▸ Your instructions
If a line in the entries below includes "where", pick it out and copy it.

▸ Provided entries
lemma cross_term_lower_bound:
  fixes P p q Px Py :: real
  shows "4 * P * (p * Px + q * Py) \<ge> - (P\<^sup>2 * (p\<^sup>2 + q\<^sup>2) / 5 + 20 * (Px\<^sup>2 + Py\<^sup>2))"
proof -
  have "4 * P * (p * Px + q * Py) + (P\<^sup>2 * (p\<^sup>2 + q\<^sup>2) / 5 + 20 * (Px\<^sup>2 + Py\<^sup>2))
      = ((P * p + 10 * Px)\<^sup>2 + (P * q + 10 * Py)\<^sup>2) / 5"
    by (simp add: power2_eq_square algebra_simps)
  then show ?thesis
    by (smt (verit) divide_nonneg_pos zero_le_power2)
qed

text \<open>\<open>P, Px, \<dots>, Pyy\<close> are the cut-off and its derivatives at a maximum of \<open>P\<^sup>2 W\<close>;
  \<open>crit_x\<close>, \<open>crit_y\<close> and \<open>second\<close> are the first- and second-derivative tests there.
  The gradient cross term is absorbed by AM-GM, leaving a bound in terms of \<open>P\<close> alone.\<close>

lemma weighted_log_gradient_bound:
  fixes k P Px Py Pxx Pyy p q s11 s12 s22 t111 t112 t122 t222 :: real
  defines "W \<equiv> p\<^sup>2 + q\<^sup>2"
    and "Wx \<equiv> 2 * p * (s11 - p\<^sup>2) + 2 * q * (s12 - p * q)"
    and "Wy \<equiv> 2 * p * (s12 - p * q) + 2 * q * (s22 - q\<^sup>2)"
    and "Wxx \<equiv> 2 * ((s11 - p\<^sup>2)\<^sup>2 + p * (t111 - 3 * p * s11 + 2 * p ^ 3)
                 + (s12 - p * q)\<^sup>2 + q * (t112 - 2 * p * s12 - q * s11 + 2 * p\<^sup>2 * q))"
    and "Wyy \<equiv> 2 * ((s12 - p * q)\<^sup>2 + p * (t122 - 2 * q * s12 - p * s22 + 2 * p * q\<^sup>2)
                 + (s22 - q\<^sup>2)\<^sup>2 + q * (t222 - 3 * q * s22 + 2 * q ^ 3))"
  assumes P: "P > 0" and W_pos: "W > 0"
    and pde: "s11 + s22 + 3 * k * p = 0"
    and pde_x: "t111 + t122 + 3 * k * s11 - 3 * k\<^sup>2 * p = 0"
    and pde_y: "t112 + t222 + 3 * k * s12 = 0"
    and crit_x: "2 * P * Px * W + P\<^sup>2 * Wx = 0"
    and crit_y: "2 * P * Py * W + P\<^sup>2 * Wy = 0"
    and second: "(2 * Px\<^sup>2 + 2 * P * Pxx) * W + 4 * P * Px * Wx + P\<^sup>2 * Wxx
      + ((2 * Py\<^sup>2 + 2 * P * Pyy) * W + 4 * P * Py * Wy + P\<^sup>2 * Wyy) \<le> 0"
  shows "P\<^sup>2 * W \<le> 5 * (26 * (Px\<^sup>2 + Py\<^sup>2) - 2 * P * (Pxx + Pyy + 3 * k * Px))"
proof -
  define Q where "Q = Px\<^sup>2 + Py\<^sup>2"
  have "P * (2 * Px * W + P * Wx) = 0" "P * (2 * Py * W + P * Wy) = 0"
    using crit_x crit_y by (simp_all add: power2_eq_square algebra_simps)
  then have Wx: "P * Wx = - 2 * Px * W" and Wy: "P * Wy = - 2 * Py * W"
    using P by simp_all
  have lower: "P\<^sup>2 * (Wxx + Wyy + 3 * k * Wx) \<ge> 2 / 5 * P\<^sup>2 * W\<^sup>2 + 4 * P * W * (p * Px + q * Py)"
  proof -
    have bochner: "Wxx + Wyy + 3 * k * Wx \<ge> 2 / 5 * W\<^sup>2 - 2 * (p * Wx + q * Wy)"
      unfolding W_def Wx_def Wy_def Wxx_def Wyy_def by (rule bochner_lower_bound[OF pde pde_x pde_y])
    have "2 / 5 * P\<^sup>2 * W\<^sup>2 + 4 * P * W * (p * Px + q * Py)
        = 2 / 5 * P\<^sup>2 * W\<^sup>2 - 2 * P * (p * (P * Wx) + q * (P * Wy))"
      unfolding Wx Wy by (simp add: algebra_simps)
    also have "\<dots> = P\<^sup>2 * (2 / 5 * W\<^sup>2 - 2 * (p * Wx + q * Wy))"
      by (simp add: algebra_simps power2_eq_square)
    also have "\<dots> \<le> P\<^sup>2 * (Wxx + Wyy + 3 * k * Wx)"
      using mult_left_mono[OF bochner, of "P\<^sup>2"] by simp
    finally show ?thesis .
  qed
  from cross_term_lower_bound[of P p q Px Py]
  have "4 * P * (p * Px + q * Py) \<ge> - (P\<^sup>2 * W / 5 + 20 * Q)"
    unfolding W_def Q_def .
  from mult_right_mono[OF this, of W] W_pos
  have am_gm: "4 * P * W * (p * Px + q * Py) \<ge> - (P\<^sup>2 * W / 5 + 20 * Q) * W"
    by (simp add: algebra_simps)
  have "4 * P * Px * Wx = 4 * Px * (P * Wx)" "4 * P * Py * Wy = 4 * Py * (P * Wy)"
    "P\<^sup>2 * (3 * k * Wx) = 3 * k * P * (P * Wx)"
    by (simp_all add: power2_eq_square)
  then have "(2 * Px\<^sup>2 + 2 * P * Pxx) * W + 4 * P * Px * Wx + P\<^sup>2 * Wxx
      + ((2 * Py\<^sup>2 + 2 * P * Pyy) * W + 4 * P * Py * Wy + P\<^sup>2 * Wyy)
    = (2 * Q + 2 * P * (Pxx + Pyy)) * W - 8 * Q * W + P\<^sup>2 * (Wxx + Wyy + 3 * k * Wx)
      + 6 * k * P * Px * W"
    unfolding Q_def Wx Wy by (simp add: algebra_simps power2_eq_square)
  with second
  have "(2 * Q + 2 * P * (Pxx + Pyy)) * W - 8 * Q * W + P\<^sup>2 * (Wxx + Wyy + 3 * k * Wx)
      + 6 * k * P * Px * W \<le> 0"
    by linarith
  with lower am_gm
  have "W * (2 * P * (Pxx + Pyy) + 6 * k * P * Px + 1 / 5 * P\<^sup>2 * W - 26 * Q) \<le> 0"
    by (simp add: algebra_simps power2_eq_square)
  then have "2 * P * (Pxx + Pyy) + 6 * k * P * Px + 1 / 5 * P\<^sup>2 * W - 26 * Q \<le> 0"
    using W_pos by (meson mult_le_0_iff not_le)
  then show ?thesis
    by (simp add: Q_def algebra_simps)
qed

section \<open>The logarithmic gradient of a solution\<close>

lemma has_real_derivative_px_divide:
  assumes "smooth_on S g" "smooth_on S f" "open S" "(t, y) \<in> S" "f (t, y) \<noteq> 0"
  shows "((\<lambda>s. g (s, y) / f (s, y)) has_real_derivative
      px g (t, y) / f (t, y) - g (t, y) / f (t, y) * (px f (t, y) / f (t, y))) (at t)"
  using DERIV_divide[OF has_real_derivative_px has_real_derivative_px, of g t y f] assms
  by (simp add: smooth_on_imp_differentiable field_simps power2_eq_square)

lemma has_real_derivative_py_divide:
  assumes "smooth_on S g" "smooth_on S f" "open S" "(x, t) \<in> S" "f (x, t) \<noteq> 0"
  shows "((\<lambda>s. g (x, s) / f (x, s)) has_real_derivative
      py g (x, t) / f (x, t) - g (x, t) / f (x, t) * (py f (x, t) / f (x, t))) (at t)"
  using DERIV_divide[OF has_real_derivative_py has_real_derivative_py, of g x t f] assms
  by (simp add: smooth_on_imp_differentiable field_simps power2_eq_square)

lemma has_real_derivative_x_eq_0_if_constant:
  fixes h :: "real \<times> real \<Rightarrow> real"
  assumes "open S" "(a, b) \<in> S" "\<And>z. z \<in> S \<Longrightarrow> h z = c"
    and "((\<lambda>s. h (s, b)) has_real_derivative D) (at a)"
  shows "D = 0"
proof -
  obtain e where e: "e > 0" "ball (a, b) e \<subseteq> S"
    using assms(1,2) open_contains_ball by blast
  show ?thesis
  proof (rule DERIV_local_const[OF assms(4) e(1)], intro allI impI)
    fix s
    assume "\<bar>a - s\<bar> < e"
    then have "(s, b) \<in> S"
      using e(2) by (auto simp: dist_Pair_Pair dist_real_def)
    with assms(2,3) show "h (a, b) = h (s, b)"
      by simp
  qed
qed

lemma has_real_derivative_y_eq_0_if_constant:
  fixes h :: "real \<times> real \<Rightarrow> real"
  assumes "open S" "(a, b) \<in> S" "\<And>z. z \<in> S \<Longrightarrow> h z = c"
    and "((\<lambda>s. h (a, s)) has_real_derivative D) (at b)"
  shows "D = 0"
proof -
  obtain e where e: "e > 0" "ball (a, b) e \<subseteq> S"
    using assms(1,2) open_contains_ball by blast
  show ?thesis
  proof (rule DERIV_local_const[OF assms(4) e(1)], intro allI impI)
    fix s
    assume "\<bar>b - s\<bar> < e"
    then have "(a, s) \<in> S"
      using e(2) by (auto simp: dist_Pair_Pair dist_real_def)
    with assms(2,3) show "h (a, b) = h (a, s)"
      by simp
  qed
qed

definition log_gradient_sq :: "(real \<times> real \<Rightarrow> real) \<Rightarrow> real \<times> real \<Rightarrow> real" where
  "log_gradient_sq f z = (px f z / f z)\<^sup>2 + (py f z / f z)\<^sup>2"

context
  fixes f :: "real \<times> real \<Rightarrow> real"
  assumes f_smooth: "smooth_on H2 f" and f_pos: "\<And>z. z \<in> H2 \<Longrightarrow> f z > 0"
begin

lemma log_gradient_sq_x_derivatives:
  defines "p \<equiv> \<lambda>z. px f z / f z" and "q \<equiv> \<lambda>z. py f z / f z"
    and "s11 \<equiv> \<lambda>z. px (px f) z / f z" and "s12 \<equiv> \<lambda>z. py (px f) z / f z"
    and "t111 \<equiv> \<lambda>z. px (px (px f)) z / f z" and "t112 \<equiv> \<lambda>z. px (py (px f)) z / f z"
  defines "Wx \<equiv> \<lambda>z. 2 * p z * (s11 z - (p z)\<^sup>2) + 2 * q z * (s12 z - p z * q z)"
  assumes t: "t > 0"
  shows "((\<lambda>s. log_gradient_sq f (s, y)) has_real_derivative Wx (t, y)) (at t)"
    and "((\<lambda>s. Wx (s, y)) has_real_derivative
      2 * ((s11 (t, y) - (p (t, y))\<^sup>2)\<^sup>2
        + p (t, y) * (t111 (t, y) - 3 * p (t, y) * s11 (t, y) + 2 * p (t, y) ^ 3)
        + (s12 (t, y) - p (t, y) * q (t, y))\<^sup>2
        + q (t, y) * (t112 (t, y) - 2 * p (t, y) * s12 (t, y) - q (t, y) * s11 (t, y)
                      + 2 * (p (t, y))\<^sup>2 * q (t, y)))) (at t)"
proof -
  have D: "((\<lambda>s. g (s, y) / f (s, y)) has_real_derivative
      px g (t, y) / f (t, y) - g (t, y) / f (t, y) * p (t, y)) (at t)"
    if "smooth_on H2 g" for g
    using has_real_derivative_px_divide[OF that f_smooth open_H2] t f_pos[of "(t, y)"]
    by (simp add: p_def)
  have comm: "px (py f) (t, y) = py (px f) (t, y)"
    using px_py_commute[OF f_smooth open_H2] t by simp
  note smooth = f_smooth smooth_on_px smooth_on_py
  have dp: "((\<lambda>s. p (s, y)) has_real_derivative s11 (t, y) - p (t, y) * p (t, y)) (at t)"
    using D[of "px f"] smooth by (simp add: p_def s11_def)
  have dq: "((\<lambda>s. q (s, y)) has_real_derivative s12 (t, y) - q (t, y) * p (t, y)) (at t)"
    using D[of "py f"] smooth by (simp add: q_def s12_def comm)
  have ds11: "((\<lambda>s. s11 (s, y)) has_real_derivative t111 (t, y) - s11 (t, y) * p (t, y)) (at t)"
    using D[of "px (px f)"] smooth by (simp add: s11_def t111_def)
  have ds12: "((\<lambda>s. s12 (s, y)) has_real_derivative t112 (t, y) - s12 (t, y) * p (t, y)) (at t)"
    using D[of "py (px f)"] smooth by (simp add: s12_def t112_def)
  have W: "log_gradient_sq f = (\<lambda>z. (p z)\<^sup>2 + (q z)\<^sup>2)"
    by (simp add: fun_eq_iff log_gradient_sq_def p_def q_def)
  show "((\<lambda>s. log_gradient_sq f (s, y)) has_real_derivative Wx (t, y)) (at t)"
    unfolding W Wx_def
    by (auto intro!: derivative_eq_intros dp dq simp: algebra_simps power2_eq_square)
  show "((\<lambda>s. Wx (s, y)) has_real_derivative
      2 * ((s11 (t, y) - (p (t, y))\<^sup>2)\<^sup>2
        + p (t, y) * (t111 (t, y) - 3 * p (t, y) * s11 (t, y) + 2 * p (t, y) ^ 3)
        + (s12 (t, y) - p (t, y) * q (t, y))\<^sup>2
        + q (t, y) * (t112 (t, y) - 2 * p (t, y) * s12 (t, y) - q (t, y) * s11 (t, y)
                      + 2 * (p (t, y))\<^sup>2 * q (t, y)))) (at t)"
    unfolding Wx_def
    by (auto intro!: derivative_eq_intros dp dq ds11 ds12 simp: algebra_simps power2_eq_square power3_eq_cube)
qed

lemma log_gradient_sq_y_derivatives:
  defines "p \<equiv> \<lambda>z. px f z / f z" and "q \<equiv> \<lambda>z. py f z / f z"
    and "s12 \<equiv> \<lambda>z. py (px f) z / f z" and "s22 \<equiv> \<lambda>z. py (py f) z / f z"
    and "t122 \<equiv> \<lambda>z. py (py (px f)) z / f z" and "t222 \<equiv> \<lambda>z. py (py (py f)) z / f z"
  defines "Wy \<equiv> \<lambda>z. 2 * p z * (s12 z - p z * q z) + 2 * q z * (s22 z - (q z)\<^sup>2)"
  assumes x: "x > 0"
  shows "((\<lambda>s. log_gradient_sq f (x, s)) has_real_derivative Wy (x, t)) (at t)"
    and "((\<lambda>s. Wy (x, s)) has_real_derivative
      2 * ((s12 (x, t) - p (x, t) * q (x, t))\<^sup>2
        + p (x, t) * (t122 (x, t) - 2 * q (x, t) * s12 (x, t) - p (x, t) * s22 (x, t)
                      + 2 * p (x, t) * (q (x, t))\<^sup>2)
        + (s22 (x, t) - (q (x, t))\<^sup>2)\<^sup>2
        + q (x, t) * (t222 (x, t) - 3 * q (x, t) * s22 (x, t) + 2 * q (x, t) ^ 3))) (at t)"
proof -
  have D: "((\<lambda>s. g (x, s) / f (x, s)) has_real_derivative
      py g (x, t) / f (x, t) - g (x, t) / f (x, t) * q (x, t)) (at t)"
    if "smooth_on H2 g" for g
    using has_real_derivative_py_divide[OF that f_smooth open_H2] x f_pos[of "(x, t)"]
    by (simp add: q_def)
  note smooth = f_smooth smooth_on_px smooth_on_py
  have dp: "((\<lambda>s. p (x, s)) has_real_derivative s12 (x, t) - p (x, t) * q (x, t)) (at t)"
    using D[of "px f"] smooth by (simp add: p_def s12_def)
  have dq: "((\<lambda>s. q (x, s)) has_real_derivative s22 (x, t) - q (x, t) * q (x, t)) (at t)"
    using D[of "py f"] smooth by (simp add: q_def s22_def)
  have ds12: "((\<lambda>s. s12 (x, s)) has_real_derivative t122 (x, t) - s12 (x, t) * q (x, t)) (at t)"
    using D[of "py (px f)"] smooth by (simp add: s12_def t122_def)
  have ds22: "((\<lambda>s. s22 (x, s)) has_real_derivative t222 (x, t) - s22 (x, t) * q (x, t)) (at t)"
    using D[of "py (py f)"] smooth by (simp add: s22_def t222_def)
  have W: "log_gradient_sq f = (\<lambda>z. (p z)\<^sup>2 + (q z)\<^sup>2)"
    by (simp add: fun_eq_iff log_gradient_sq_def p_def q_def)
  show "((\<lambda>s. log_gradient_sq f (x, s)) has_real_derivative Wy (x, t)) (at t)"
    unfolding W Wy_def
    by (auto intro!: derivative_eq_intros dp dq simp: algebra_simps power2_eq_square)
  show "((\<lambda>s. Wy (x, s)) has_real_derivative
      2 * ((s12 (x, t) - p (x, t) * q (x, t))\<^sup>2
        + p (x, t) * (t122 (x, t) - 2 * q (x, t) * s12 (x, t) - p (x, t) * s22 (x, t)
                      + 2 * p (x, t) * (q (x, t))\<^sup>2)
        + (s22 (x, t) - (q (x, t))\<^sup>2)\<^sup>2
        + q (x, t) * (t222 (x, t) - 3 * q (x, t) * s22 (x, t) + 2 * q (x, t) ^ 3))) (at t)"
    unfolding Wy_def
    by (auto intro!: derivative_eq_intros dp dq ds12 ds22
        simp: algebra_simps power2_eq_square power3_eq_cube)
qed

▸ Exercise answer
  define Q where "Q = Px\<^sup>2 + Py\<^sup>2"
  obtain e where e: "e > 0" "ball (a, b) e \<subseteq> S"
  obtain e where e: "e > 0" "ball (a, b) e \<subseteq> S"
definition log_gradient_sq :: "(real \<times> real \<Rightarrow> real) \<Rightarrow> real \<times> real \<Rightarrow> real" where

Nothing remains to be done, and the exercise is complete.